lemma binomial_mean_ge_if_one_near_mean:
  assumes "0 \<le> p" "p \<le> 1" "0 < t" and "\<And>k. 0 \<le> a k" "\<And>k. a k \<le> 1"
    and "\<And>k. \<bar>real k - n * p\<bar> < t \<Longrightarrow> a k = 1"
  shows "1 - n * p * (1 - p) / t\<^sup>2 \<le> binomial_mean p a n"
  using binomial_mean_le_if_zero_near_mean[of p t "\<lambda>k. 1 - a k" n] assms
  by (simp add: binomial_mean_one_minus)

lemma nat_floor_divide_mult_bounds:
  fixes c p :: real
  assumes "0 < p" "0 \<le> c"
  shows "c - p < real (nat \<lfloor>c / p\<rfloor>) * p" "real (nat \<lfloor>c / p\<rfloor>) * p \<le> c"
proof -
  have n: "real (nat \<lfloor>c / p\<rfloor>) = of_int \<lfloor>c / p\<rfloor>"
    using assms by simp
  have "(c / p - 1) * p < of_int \<lfloor>c / p\<rfloor> * p"
    using assms by (intro mult_strict_right_mono) linarith+
  then show "c - p < real (nat \<lfloor>c / p\<rfloor>) * p"
    unfolding n using assms by (simp add: algebra_simps)
  have "of_int \<lfloor>c / p\<rfloor> * p \<le> c / p * p"
    using assms by (intro mult_right_mono) linarith+
  then show "real (nat \<lfloor>c / p\<rfloor>) * p \<le> c"
    unfolding n using assms by simp
qed

lemma filterlim_nat_floor_sequentially:
  "filterlim f at_top sequentially \<Longrightarrow> filterlim (\<lambda>k. nat \<lfloor>f k\<rfloor>) at_top sequentially"
  using filterlim_compose[OF filterlim_nat_sequentially
        filterlim_compose[OF filterlim_floor_sequentially]] by blast

lemma not_convergent_two_limits:
  fixes f :: "nat \<Rightarrow> 'a::t2_space"
  assumes "filterlim g at_top sequentially" "filterlim h at_top sequentially"
    and "(\<lambda>k. f (g k)) \<longlonglongrightarrow> a" "(\<lambda>k. f (h k)) \<longlonglongrightarrow> b" "a \<noteq> b"
  shows "\<not> convergent f"
proof
  assume "convergent f"
  then obtain l where "f \<longlonglongrightarrow> l" by (auto simp: convergent_def)
  then have "(\<lambda>k. f (g k)) \<longlonglongrightarrow> l" "(\<lambda>k. f (h k)) \<longlonglongrightarrow> l"
    using assms(1,2) by (auto intro: filterlim_compose)
  with assms(3-5) show False using LIMSEQ_unique by metis
qed

lemma four_mul_le_two_power: "4 \<le> k \<Longrightarrow> 4 * k \<le> (2::nat) ^ k"
proof (induction k rule: dec_induct)
  case (step k)
  have "4 \<le> (2::nat) ^ k"
    using power_increasing[of 2 k "2::nat"] step(1) by simp
  with step show ?case by simp
qed simp

lemma two_mul_le_two_power: "2 * k \<le> (2::nat) ^ k"
proof (cases "4 \<le> k")
  case False
  then have "k \<in> {0, 1, 2, 3}" by auto
  then show ?thesis by auto
qed (use four_mul_le_two_power in fastforce)

lemma mult_two_power_le_four_power_nat: "k * 2 ^ k \<le> (4::nat) ^ k"
  using mult_le_mono1[OF less_imp_le[OF less_exp], of k "2 ^ k"]
  by (simp flip: power_mult_distrib)

lemma mult_two_power_le_four_power:
  assumes "c * k \<le> (2::nat) ^ k"
  shows "real c * (real k * 2 ^ k) \<le> 4 ^ k"
proof -
  have "real c * real k * 2 ^ k \<le> 2 ^ k * 2 ^ k"
    using assms by (intro mult_right_mono) (simp_all flip: of_nat_mult of_nat_le_iff)
  then show ?thesis by (simp add: mult.assoc flip: power_mult_distrib)
qed

definition block :: "nat \<Rightarrow> nat set" where
  "block k = {4 ^ k - k * 2 ^ k .. 4 ^ k + k * 2 ^ k}"

definition block_seq :: "nat \<Rightarrow> real" where
  "block_seq = indicator (\<Union>k. block k)"

lemma block_seq_01: "block_seq i \<in> {0, 1}"
  by (simp add: block_seq_def split: split_indicator)

lemma mem_block_iff: "i \<in> block k \<longleftrightarrow> \<bar>real i - 4 ^ k\<bar> \<le> real k * 2 ^ k"
proof -
  have "real (4 ^ k - k * 2 ^ k) = 4 ^ k - real k * 2 ^ k"
    using mult_two_power_le_four_power_nat by (simp add: of_nat_diff)
  moreover have "i \<in> block k \<longleftrightarrow> real (4 ^ k - k * 2 ^ k) \<le> real i \<and> real i \<le> real (4 ^ k + k * 2 ^ k)"
    unfolding block_def of_nat_le_iff by simp
  ultimately show ?thesis
    by (simp add: abs_le_iff) linarith
qed

lemma card_block: "card (block k) = 2 * k * 2 ^ k + 1"
  using mult_two_power_le_four_power_nat by (simp add: block_def)

lemma block_seq_eq_1: "\<bar>real i - 4 ^ k\<bar> \<le> real k * 2 ^ k \<Longrightarrow> block_seq i = 1"
  by (auto simp: block_seq_def mem_block_iff split: split_indicator)

lemma four_power_le_if_mem_block: "i \<in> block k \<Longrightarrow> 4 ^ k \<le> 2 * real i"
  using mult_two_power_le_four_power[OF two_mul_le_two_power, of k]
  by (simp add: mem_block_iff abs_le_iff)

text \<open>Blocks \<open>j \<le> k\<close> end below \<open>3/2 \<cdot> 4^k\<close>; blocks \<open>j > k \<ge> 3\<close> have \<open>j \<ge> 4\<close>, hence radius
  \<open>\<le> 4^j/4\<close>, and start above \<open>3 \<cdot> 4^k\<close>.\<close>

lemma block_seq_eq_0:
  assumes "3 \<le> k" "\<bar>real i - 2 * 4 ^ k\<bar> < 4 ^ k / 2"
  shows "block_seq i = 0"
proof (rule ccontr)
  assume "block_seq i \<noteq> 0"
  then obtain j where "i \<in> block j"
    by (auto simp: block_seq_def indicator_eq_0_iff)
  then have "\<bar>real i - 4 ^ j\<bar> \<le> real j * 2 ^ j"
    by (simp add: mem_block_iff)
  show False
  proof (cases "j \<le> k")
    case True
    have "real j * 2 ^ j \<le> real k * 2 ^ k" "(4::real) ^ j \<le> 4 ^ k"
      using True by (auto intro!: mult_mono power_increasing)
    moreover have "2 * (real k * 2 ^ k) \<le> 4 ^ k"
      using mult_two_power_le_four_power[OF two_mul_le_two_power] by simp
    ultimately show False using assms \<open>\<bar>real i - 4 ^ j\<bar> \<le> _\<close> by linarith
  next
    case False
    have "(4::real) ^ Suc k \<le> 4 ^ j"
      using False by (intro power_increasing) auto
    moreover have "4 * (real j * 2 ^ j) \<le> 4 ^ j"
      using mult_two_power_le_four_power[OF four_mul_le_two_power] False assms by simp
    ultimately show False using assms \<open>\<bar>real i - 4 ^ j\<bar> \<le> _\<close> by simp
  qed
qed

lemma binomial_mean_block_seq_at_power_ge:
  assumes p: "0 < p" "p < 1" and "1 \<le> k"
  shows "1 - 4 / real k ^ 2 \<le> binomial_mean p block_seq (nat \<lfloor>4 ^ k / p\<rfloor>)"
proof -
  define n where "n = nat \<lfloor>4 ^ k / p\<rfloor>"
  define r where "r = real k * 2 ^ k"
  have np: "4 ^ k - p < n * p" "n * p \<le> 4 ^ k"
    using nat_floor_divide_mult_bounds[of p "4 ^ k"] p by (simp_all add: n_def)
  have "2 \<le> r"
    using \<open>1 \<le> k\<close> power_increasing[of 1 k "2::real"] mult_mono[of 1 "real k" 2 "2 ^ k"]
    by (simp add: r_def)
  have "1 - n * p * (1 - p) / (r - 1)\<^sup>2 \<le> binomial_mean p block_seq n"
  proof (rule binomial_mean_ge_if_one_near_mean)
    fix i
    assume "\<bar>real i - n * p\<bar> < r - 1"
    then have "\<bar>real i - 4 ^ k\<bar> \<le> real k * 2 ^ k"
      using np p unfolding r_def abs_less_iff abs_le_iff by (intro conjI) linarith+
    then show "block_seq i = 1"
      by (rule block_seq_eq_1)
  qed (use p \<open>2 \<le> r\<close> in \<open>auto simp: block_seq_def\<close>)
  moreover have "n * p * (1 - p) / (r - 1)\<^sup>2 \<le> 4 ^ k / (r / 2)\<^sup>2"
  proof (rule frac_le)
    show "n * p * (1 - p) \<le> 4 ^ k"
      using np p mult_left_le[of "1 - p" "n * p"] by simp
    show "(r / 2)\<^sup>2 \<le> (r - 1)\<^sup>2"
      using \<open>2 \<le> r\<close> by (intro power_mono) auto
  qed (use \<open>2 \<le> r\<close> in auto)
  moreover have "4 ^ k / (r / 2)\<^sup>2 = 4 / real k ^ 2"
    using \<open>1 \<le> k\<close> by (simp add: r_def field_simps power2_eq_square flip: power_mult_distrib)
  ultimately show ?thesis
    unfolding n_def by linarith
qed

lemma binomial_mean_block_seq_at_double_power_le:
  assumes p: "0 < p" "p < 1" and "3 \<le> k"
  shows "binomial_mean p block_seq (nat \<lfloor>2 * 4 ^ k / p\<rfloor>) \<le> 32 / 4 ^ k"
proof -
  define n where "n = nat \<lfloor>2 * 4 ^ k / p\<rfloor>"
  have np: "2 * 4 ^ k - p < n * p" "n * p \<le> 2 * 4 ^ k"
    using nat_floor_divide_mult_bounds[of p "2 * 4 ^ k"] p by (simp_all add: n_def)
  have "(64::real) \<le> 4 ^ k"
    using \<open>3 \<le> k\<close> power_increasing[of 3 k "4::real"] by simp
  have "binomial_mean p block_seq n \<le> n * p * (1 - p) / (4 ^ k / 4)\<^sup>2"
  proof (rule binomial_mean_le_if_zero_near_mean)
    fix i
    assume "\<bar>real i - n * p\<bar> < 4 ^ k / 4"
    then have "\<bar>real i - 2 * 4 ^ k\<bar> < 4 ^ k / 2"
      using np p \<open>64 \<le> 4 ^ k\<close> unfolding abs_less_iff by (intro conjI) linarith+
    then show "block_seq i = 0"
      by (rule block_seq_eq_0[OF \<open>3 \<le> k\<close>])
  qed (use p in \<open>auto simp: block_seq_def\<close>)
  also have "\<dots> \<le> 2 * 4 ^ k / (4 ^ k / 4)\<^sup>2"
    using np p mult_left_le[of "1 - p" "n * p"] by (intro divide_right_mono) auto
  also have "\<dots> = 32 / 4 ^ k"
    by (simp add: field_simps power2_eq_square)
  finally show ?thesis
    unfolding n_def .
qed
┄┄┄┄┄┄┄┄┄┄
#### [Exercise prompt]
Whenever the word "True" occurs in a line of the listing above, return that line.

#### [Final answer]
    case True
      using True by (auto intro!: mult_mono power_increasing)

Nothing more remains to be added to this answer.